Novavax’s clinical program includes vaccine candidates designed to address infectious diseases worldwide. Using innovative virus-like particle (VLP) and recombinant nanoparticle technology, as well as new and efficient manufacturing approaches, the company produces vaccine candidates to combat diseases, with the goal of allowing countries to better prepare for and more effectively respond to rapidly spreading infections. Our clinical pipeline is shown below.
Novavax is in advanced development of VLP vaccines against both seasonal and pandemic influenza. Novavax produced VLP vaccine against the 2009 H1N1 pandemic “swine flu” influenza. In a clinical trial of more than 4,000 subjects in Mexico – where the pandemic was first recognized, the H1N1 VLP vaccine was well tolerated and immunogenic even at the lowest dose tested of five micrograms and after one immunization.
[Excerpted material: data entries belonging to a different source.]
(* Let $G=(V,E)$ be a finite simple undirected graph with zipper constraint collection $\mathcal{Z}$, let $D\subseteq Z^2$, and let $\mathbb{S}$ be a downstream-enabled prescription on $D$. Then the boundary inclusion $\bar{\mathbb{S}}$, regarded as a prescription on the domain $\bar D$, is downstream enabled.
   Context: A zipper constraint collection is a finite set $\mathcal{Z}=\{(U_1,W_1,y_1),\dots,(U_m,W_m,y_m)\}$, where each $U_i,W_i\in E$ is an edge of $G$ and each $y_i$ is a label. Let $Z^2=\{U_1,\dots,U_m,W_1,\dots,W_m\}$. Write $P\uparrow Q$ if $(P,Q,y)\in\mathcal{Z}$ for some $y$, and let $\rightsquigarrow$ be the transitive closure of $\uparrow$ on $Z^2$. A prescription on a domain $D\subseteq Z^2$ is a subset $\mathbb{S}\subseteq D$. It is downstream enabled if, whenever $P_a\in\mathbb{S}$ and $P_a\rightsquigarrow P_b$, we have $P_b\in\mathbb{S}$ or $P_b\notin D$. The boundary inclusion is defined as follows. Let $F^{\mathrm{off}}=\{P_a\in Z^2\setminus D:\exists P_b\in D\setminus\mathbb{S},\ P_a\rightsquigarrow P_b\}$ and $F^{\mathrm{on}}=\{P_c\in Z^2\setminus D:\exists P_d\in\mathbb{S},\ P_d\rightsquigarrow P_c\}$. Then $\bar D=D\cup F^{\mathrm{off}}\cup F^{\mathrm{on}}$ and $\bar{\mathbb{S}}=\mathbb{S}\cup F^{\mathrm{on}}$, which is a prescription on $\bar D$ whose off pairs are $\bar D\setminus\bar{\mathbb{S}}$. *)

theory Defs
  imports Main
begin

definition simple_graph :: "'v set \<Rightarrow> 'v set set \<Rightarrow> bool" where
  "simple_graph V E \<longleftrightarrow> finite V \<and> (\<forall>e\<in>E. e \<subseteq> V \<and> card e = 2)"

definition zipper_collection :: "'v set set \<Rightarrow> ('v set \<times> 'v set \<times> 'l) set \<Rightarrow> bool" where
  "zipper_collection E Z \<longleftrightarrow> finite Z \<and> (\<forall>(U,W,y)\<in>Z. U \<in> E \<and> W \<in> E)"

definition Z2 :: "('e \<times> 'e \<times> 'l) set \<Rightarrow> 'e set" where
  "Z2 Z = {U. \<exists>W y. (U,W,y) \<in> Z} \<union> {W. \<exists>U y. (U,W,y) \<in> Z}"

definition up_rel :: "('e \<times> 'e \<times> 'l) set \<Rightarrow> ('e \<times> 'e) set" where
  "up_rel Z = {(P,Q). \<exists>y. (P,Q,y) \<in> Z}"

definition reach :: "('e \<times> 'e \<times> 'l) set \<Rightarrow> 'e \<Rightarrow> 'e \<Rightarrow> bool" where
  "reach Z P Q \<longleftrightarrow> (P,Q) \<in> (up_rel Z)\<^sup>+"

definition prescription :: "('e \<times> 'e \<times> 'l) set \<Rightarrow> 'e set \<Rightarrow> 'e set \<Rightarrow> bool" where
  "prescription Z D S \<longleftrightarrow> D \<subseteq> Z2 Z \<and> S \<subseteq> D"

definition downstream_enabled :: "('e \<times> 'e \<times> 'l) set \<Rightarrow> 'e set \<Rightarrow> 'e set \<Rightarrow> bool" where
  "downstream_enabled Z D S \<longleftrightarrow>
     (\<forall>Pa Pb. Pa \<in> S \<and> reach Z Pa Pb \<longrightarrow> Pb \<in> S \<or> Pb \<notin> D)"

definition F_off :: "('e \<times> 'e \<times> 'l) set \<Rightarrow> 'e set \<Rightarrow> 'e set \<Rightarrow> 'e set" where
  "F_off Z D S = {Pa \<in> Z2 Z - D. \<exists>Pb \<in> D - S. reach Z Pa Pb}"

definition F_on :: "('e \<times> 'e \<times> 'l) set \<Rightarrow> 'e set \<Rightarrow> 'e set \<Rightarrow> 'e set" where
  "F_on Z D S = {Pc \<in> Z2 Z - D. \<exists>Pd \<in> S. reach Z Pd Pc}"

definition bdry_domain :: "('e \<times> 'e \<times> 'l) set \<Rightarrow> 'e set \<Rightarrow> 'e set \<Rightarrow> 'e set" where
  "bdry_domain Z D S = D \<union> F_off Z D S \<union> F_on Z D S"

definition bdry_presc :: "('e \<times> 'e \<times> 'l) set \<Rightarrow> 'e set \<Rightarrow> 'e set \<Rightarrow> 'e set" where
  "bdry_presc Z D S = S \<union> F_on Z D S"

end

theory Submission
  imports Defs
begin

text \<open>Every pair reachable from the boundary inclusion of \<open>S\<close> is already reachable
  from \<open>S\<close> itself, and every pair reachable from \<open>S\<close> lies in \<open>S\<close> (downstream
  enabledness) or outside \<open>D\<close>, hence in \<open>F_on\<close>. So the boundary inclusion is closed
  under \<open>reach\<close> outright.\<close>

lemma reach_in_Z2: "reach Z P Q \<Longrightarrow> Q \<in> Z2 Z"
  unfolding reach_def
  by (induction rule: trancl.induct) (auto simp: up_rel_def Z2_def)

lemma reach_trans: "reach Z P Q \<Longrightarrow> reach Z Q R \<Longrightarrow> reach Z P R"
  unfolding reach_def by (rule trancl_trans)

lemma prescription_bdry:
  assumes "prescription Z D S"
  shows "prescription Z (bdry_domain Z D S) (bdry_presc Z D S)"
proof -
  have "F_off Z D S \<subseteq> Z2 Z" "F_on Z D S \<subseteq> Z2 Z"
    unfolding F_off_def F_on_def by auto
  with assms show ?thesis
    unfolding prescription_def bdry_domain_def bdry_presc_def by blast
qed

lemma reach_from_bdry_presc:
  assumes "Pa \<in> bdry_presc Z D S" and "reach Z Pa Pb"
  obtains Pd where "Pd \<in> S" and "reach Z Pd Pb"
  using assms reach_trans[of Z _ Pa Pb] that unfolding bdry_presc_def F_on_def by blast

lemma reach_from_presc_in_bdry_presc:
  assumes "downstream_enabled Z D S" and "Pd \<in> S" and "reach Z Pd Pb"
  shows "Pb \<in> bdry_presc Z D S"
proof (cases "Pb \<in> D")
  case True
  with assms show ?thesis unfolding downstream_enabled_def bdry_presc_def by blast
next
  case False
  with assms reach_in_Z2[OF assms(3)] show ?thesis unfolding bdry_presc_def F_on_def by blast
qed

lemma bdry_presc_reach_closed:
  assumes "downstream_enabled Z D S" and "Pa \<in> bdry_presc Z D S" and "reach Z Pa Pb"
  shows "Pb \<in> bdry_presc Z D S"
proof -
  obtain Pd where "Pd \<in> S" "reach Z Pd Pb"
    using assms(2,3) by (rule reach_from_bdry_presc)
  with assms(1) show ?thesis by (rule reach_from_presc_in_bdry_presc)
qed

lemma downstream_enabled_bdry:
  assumes "downstream_enabled Z D S"
  shows "downstream_enabled Z (bdry_domain Z D S) (bdry_presc Z D S)"
  using bdry_presc_reach_closed[OF assms] unfolding downstream_enabled_def by blast

theorem mainTheorem7:
  fixes V :: "'v set" and E :: "'v set set" and Z :: "('v set \<times> 'v set \<times> 'l) set"
    and D S :: "'v set set"
  assumes "simple_graph V E"
    and "zipper_collection E Z"
    and "D \<subseteq> Z2 Z"
    and "prescription Z D S"
    and "downstream_enabled Z D S"
  shows "prescription Z (bdry_domain Z D S) (bdry_presc Z D S)
         \<and> downstream_enabled Z (bdry_domain Z D S) (bdry_presc Z D S)"
  using prescription_bdry[OF assms(4)] downstream_enabled_bdry[OF assms(5)] ..

end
Transmission of the highly pathogenic avian H5N1 flu virus “bird flu” in domestic poultry and humans is continuing in many countries worldwide and remains a serious pandemic threat with the potential to evolve into new strains where cross-protection and induction of neutralizing antibodies will be essential. Novavax has shown in a human studies that its H5N1 VLP vaccine was well tolerated, produced no vaccine-related serious adverse events and induced neutralizing antibodies that were cross-reactive with different avian H5N1 influenza viruses. This is the only report of an unadjuvanted vaccine inducing cross-reactive neutralizing antibodies against multiple clades of H5N1 influenza virus and demonstrates the significant potential of the VLP technology. Novavax is currently pursuing the advanced development of recombinant pandemic and seasonal influenza vaccines, under a contract with the U.S. Department of Health and Human Services’ Office of Biomedical Advanced Research and Development Authority.
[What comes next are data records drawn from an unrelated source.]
theorem proposition4p6:
  fixes G :: "'g monoid" and act :: "'g \<Rightarrow> 'x::euclidean_space \<Rightarrow> 'x"
    and \<gamma> :: "'h::euclidean_space \<Rightarrow> 'x" and A :: "'a set" and \<Lambda> :: "'a \<Rightarrow> 'x \<Rightarrow> 'h"
    and \<phi> :: "'x \<Rightarrow> ereal" and x y :: 'x and a :: 'a
  assumes "spectral_decomposition_system G act \<gamma> A \<Lambda>"
    and "closed {Blinfun (\<Lambda> b) | b. b \<in> A}"
    and "S_invariant G act \<phi>"
    and "a \<in> A"
  shows "(y \<in> frechet_subdiff \<phi> x \<longleftrightarrow> \<Lambda> a y \<in> frechet_subdiff (\<phi> \<circ> \<gamma>) (\<Lambda> a x))
    \<and> (y \<in> limiting_subdiff \<phi> x \<longrightarrow> \<Lambda> a y \<in> limiting_subdiff (\<phi> \<circ> \<gamma>) (\<Lambda> a x))"
proof -
  note sds = assms(1) and inv = assms(3) and a = assms(4)
  have L: "lin_isometry (\<Lambda> a)"
    using sds a by (simp add: spectral_decomposition_system_def)
  have comp: "(\<phi> \<circ> \<gamma>) (\<Lambda> a u) = \<phi> u" for u
    using S_invariant_orbit[OF inv spectral_decomposition_system_orbit[OF sds a]] by simp
  note lift = frechet_subdiff_spectral_lift[OF sds inv a]
  have "(\<phi> \<circ> \<gamma>) \<circ> \<Lambda> a = \<phi>"
    using comp by (simp add: fun_eq_iff)
  then have descend: "\<Lambda> a y \<in> frechet_subdiff (\<phi> \<circ> \<gamma>) (\<Lambda> a x) \<Longrightarrow> y \<in> frechet_subdiff \<phi> x"
    using frechet_subdiff_comp_lin_isometry[OF L] by metis
  have "bounded_linear (\<Lambda> a)"
    using L by (simp add: lin_isometry_def linear_conv_bounded_linear)
  note limiting_subdiff_transfer[OF this comp lift]
  then show ?thesis
    using lift descend by blast
qed

end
Respiratory Syncytial Virus (RSV) Vaccine
Respiratory syncytial virus (RSV) is the primary cause of serious respiratory disease in infants and young children worldwide. The virus is also increasingly recognized as a significant pathogen in elderly populations. Bronchiolitis or pneumonia results in 25-40 percent of RSV infections of infants and between 0.5 and 2 percent of these infections result in hospitalization. Despite the incidence and severity of these infections, there is no RSV vaccine available. Immunoprophylaxis against RSV of high-risk infants remains the only effective defense against this viral disease and there are no approved preventatives for the elderly.
In October 2011, Novavax announced positive top-line results from a Phase I clinical study of its RSV fusion (F) recombinant nanoparticle vaccine candidate. Novavax reported that the RSV vaccine candidate was well-tolerated and highly immunogenic, inducing levels of functional immunity that could potentially correlate with protective immunity in future trials.